→ **Action item**
What is needed here is a verbatim copy of the records that follow.

**** Source information ****

lemma expbin_sq_ratio_bounds:
  assumes "s \<ge> 1"
  shows "2 * (2 * real s - real n) * expbin_sq s n \<le> ((real n)^2 + real n + 2 * real s) * expbin_sq s (n + 1)"
    and "(real n + 1)^2 * expbin_sq s (n + 1) \<le> 2 * (2 * real s - real n) * expbin_sq s n"
proof -
  have "upper_gap s n \<ge> 0 \<and> lower_gap s n \<ge> 0"
  proof (cases "n \<le> 2 * s")
    case False
    then show ?thesis by (simp add: upper_gap_def lower_gap_def expbin_sq_eq_0)
  next
    case True
    show ?thesis
    proof (cases "\<forall>M. 1 \<le> M \<longrightarrow> M \<le> n \<longrightarrow> gap_coeff s M \<ge> 0")
      case True
      with \<open>n \<le> 2 * s\<close> show ?thesis by (intro gaps_nonneg_upwards[OF assms]) auto
    next
      case False
      then obtain M where "M \<le> n" "gap_coeff s M < 0" by auto
      then have "gap_coeff s M' \<le> 0" if "n < M'" for M'
        using gap_coeff_neg_mono[OF assms, of M M'] that by simp
      with \<open>n \<le> 2 * s\<close> show ?thesis by (intro gaps_nonneg_downwards) auto
    qed
  qed
  then show "2 * (2 * real s - real n) * expbin_sq s n \<le> ((real n)^2 + real n + 2 * real s) * expbin_sq s (n + 1)"
    and "(real n + 1)^2 * expbin_sq s (n + 1) \<le> 2 * (2 * real s - real n) * expbin_sq s n"
    unfolding upper_gap_def lower_gap_def by simp_all
qed

lemma expbin_sq_le_Suc:
  assumes "s \<ge> 1" and "(real n)^2 + real n + 2 * real s \<le> 2 * (2 * real s - real n) * (x - real n)"
  shows "expbin_sq s n \<le> (x - real n) * expbin_sq s (Suc n)"
proof (cases "n \<le> 2 * s")
  case False
  then show ?thesis by (simp add: expbin_sq_eq_0)
next
  case True
  let ?Q = "(real n)^2 + real n + 2 * real s"
  have "?Q > 0" using assms(1) by (simp add: add_nonneg_pos)
  moreover have "2 * real s - real n \<ge> 0" using True by linarith
  ultimately have "x - real n > 0"
    using assms(2) by (smt (verit) mult_nonneg_nonpos)
  have "?Q * expbin_sq s n \<le> 2 * (2 * real s - real n) * (x - real n) * expbin_sq s n"
    by (rule mult_right_mono[OF assms(2) expbin_sq_nonneg])
  also have "\<dots> = (x - real n) * (2 * (2 * real s - real n) * expbin_sq s n)"
    by simp
  also have "\<dots> \<le> (x - real n) * (?Q * expbin_sq s (Suc n))"
    using expbin_sq_ratio_bounds(1)[OF assms(1), of n] \<open>x - real n > 0\<close> by simp
  finally show ?thesis using \<open>?Q > 0\<close> by (simp add: mult.left_commute)
qed

lemma expbin_sq_Suc_le:
  assumes "s \<ge> 1"
    and "real n < x \<Longrightarrow> 2 * (2 * real s - real n) * (x - real n) \<le> (real n + 1)^2"
  shows "(x - real n) * expbin_sq s (Suc n) \<le> expbin_sq s n"
proof (cases "real n < x")
  case False
  then have "(x - real n) * expbin_sq s (Suc n) \<le> 0"
    by (intro mult_nonpos_nonneg) (auto simp: expbin_sq_nonneg)
  then show ?thesis using expbin_sq_nonneg[of s n] by linarith
next
  case True
  show ?thesis
  proof (cases "n < 2 * s")
    case False
    then show ?thesis by (simp add: expbin_sq_eq_0 expbin_sq_nonneg)
  next
    case small: True
    have "x - real n > 0" using True by simp
    have "(real n + 1)^2 * ((x - real n) * expbin_sq s (Suc n))
        \<le> (x - real n) * (2 * (2 * real s - real n) * expbin_sq s n)"
      using expbin_sq_ratio_bounds(2)[OF assms(1), of n] \<open>x - real n > 0\<close>
      by (simp add: mult.left_commute)
    also have "\<dots> = 2 * (2 * real s - real n) * (x - real n) * expbin_sq s n"
      by simp
    also have "\<dots> \<le> (real n + 1)^2 * expbin_sq s n"
      by (rule mult_right_mono[OF assms(2)[OF True] expbin_sq_nonneg])
    finally show ?thesis by (simp add: mult_le_cancel_left_pos)
  qed
qed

****

→ **Answer to the problem**
lemma expbin_sq_ratio_bounds:
  assumes "s \<ge> 1"
  shows "2 * (2 * real s - real n) * expbin_sq s n \<le> ((real n)^2 + real n + 2 * real s) * expbin_sq s (n + 1)"
    and "(real n + 1)^2 * expbin_sq s (n + 1) \<le> 2 * (2 * real s - real n) * expbin_sq s n"
proof -
  have "upper_gap s n \<ge> 0 \<and> lower_gap s n \<ge> 0"
  proof (cases "n \<le> 2 * s")
    case False
    then show ?thesis by (simp add: upper_gap_def lower_gap_def expbin_sq_eq_0)
  next
    case True
    show ?thesis
    proof (cases "\<forall>M. 1 \<le> M \<longrightarrow> M \<le> n \<longrightarrow> gap_coeff s M \<ge> 0")
      case True
      with \<open>n \<le> 2 * s\<close> show ?thesis by (intro gaps_nonneg_upwards[OF assms]) auto
    next
      case False
      then obtain M where "M \<le> n" "gap_coeff s M < 0" by auto
      then have "gap_coeff s M' \<le> 0" if "n < M'" for M'
        using gap_coeff_neg_mono[OF assms, of M M'] that by simp
      with \<open>n \<le> 2 * s\<close> show ?thesis by (intro gaps_nonneg_downwards) auto
    qed
  qed
  then show "2 * (2 * real s - real n) * expbin_sq s n \<le> ((real n)^2 + real n + 2 * real s) * expbin_sq s (n + 1)"
    and "(real n + 1)^2 * expbin_sq s (n + 1) \<le> 2 * (2 * real s - real n) * expbin_sq s n"
    unfolding upper_gap_def lower_gap_def by simp_all
qed

lemma expbin_sq_le_Suc:
  assumes "s \<ge> 1" and "(real n)^2 + real n + 2 * real s \<le> 2 * (2 * real s - real n) * (x - real n)"
  shows "expbin_sq s n \<le> (x - real n) * expbin_sq s (Suc n)"
proof (cases "n \<le> 2 * s")
  case False
  then show ?thesis by (simp add: expbin_sq_eq_0)
next
  case True
  let ?Q = "(real n)^2 + real n + 2 * real s"
  have "?Q > 0" using assms(1) by (simp add: add_nonneg_pos)
  moreover have "2 * real s - real n \<ge> 0" using True by linarith
  ultimately have "x - real n > 0"
    using assms(2) by (smt (verit) mult_nonneg_nonpos)
  have "?Q * expbin_sq s n \<le> 2 * (2 * real s - real n) * (x - real n) * expbin_sq s n"
    by (rule mult_right_mono[OF assms(2) expbin_sq_nonneg])
  also have "\<dots> = (x - real n) * (2 * (2 * real s - real n) * expbin_sq s n)"
    by simp
  also have "\<dots> \<le> (x - real n) * (?Q * expbin_sq s (Suc n))"
    using expbin_sq_ratio_bounds(1)[OF assms(1), of n] \<open>x - real n > 0\<close> by simp
  finally show ?thesis using \<open>?Q > 0\<close> by (simp add: mult.left_commute)
qed

lemma expbin_sq_Suc_le:
  assumes "s \<ge> 1"
    and "real n < x \<Longrightarrow> 2 * (2 * real s - real n) * (x - real n) \<le> (real n + 1)^2"
  shows "(x - real n) * expbin_sq s (Suc n) \<le> expbin_sq s n"
proof (cases "real n < x")
  case False
  then have "(x - real n) * expbin_sq s (Suc n) \<le> 0"
    by (intro mult_nonpos_nonneg) (auto simp: expbin_sq_nonneg)
  then show ?thesis using expbin_sq_nonneg[of s n] by linarith
next
  case True
  show ?thesis
  proof (cases "n < 2 * s")
    case False
    then show ?thesis by (simp add: expbin_sq_eq_0 expbin_sq_nonneg)
  next
    case small: True
    have "x - real n > 0" using True by simp
    have "(real n + 1)^2 * ((x - real n) * expbin_sq s (Suc n))
        \<le> (x - real n) * (2 * (2 * real s - real n) * expbin_sq s n)"
      using expbin_sq_ratio_bounds(2)[OF assms(1), of n] \<open>x - real n > 0\<close>
      by (simp add: mult.left_commute)
    also have "\<dots> = 2 * (2 * real s - real n) * (x - real n) * expbin_sq s n"
      by simp
    also have "\<dots> \<le> (real n + 1)^2 * expbin_sq s n"
      by (rule mult_right_mono[OF assms(2)[OF True] expbin_sq_nonneg])
    finally show ?thesis by (simp add: mult_le_cancel_left_pos)
  qed
qed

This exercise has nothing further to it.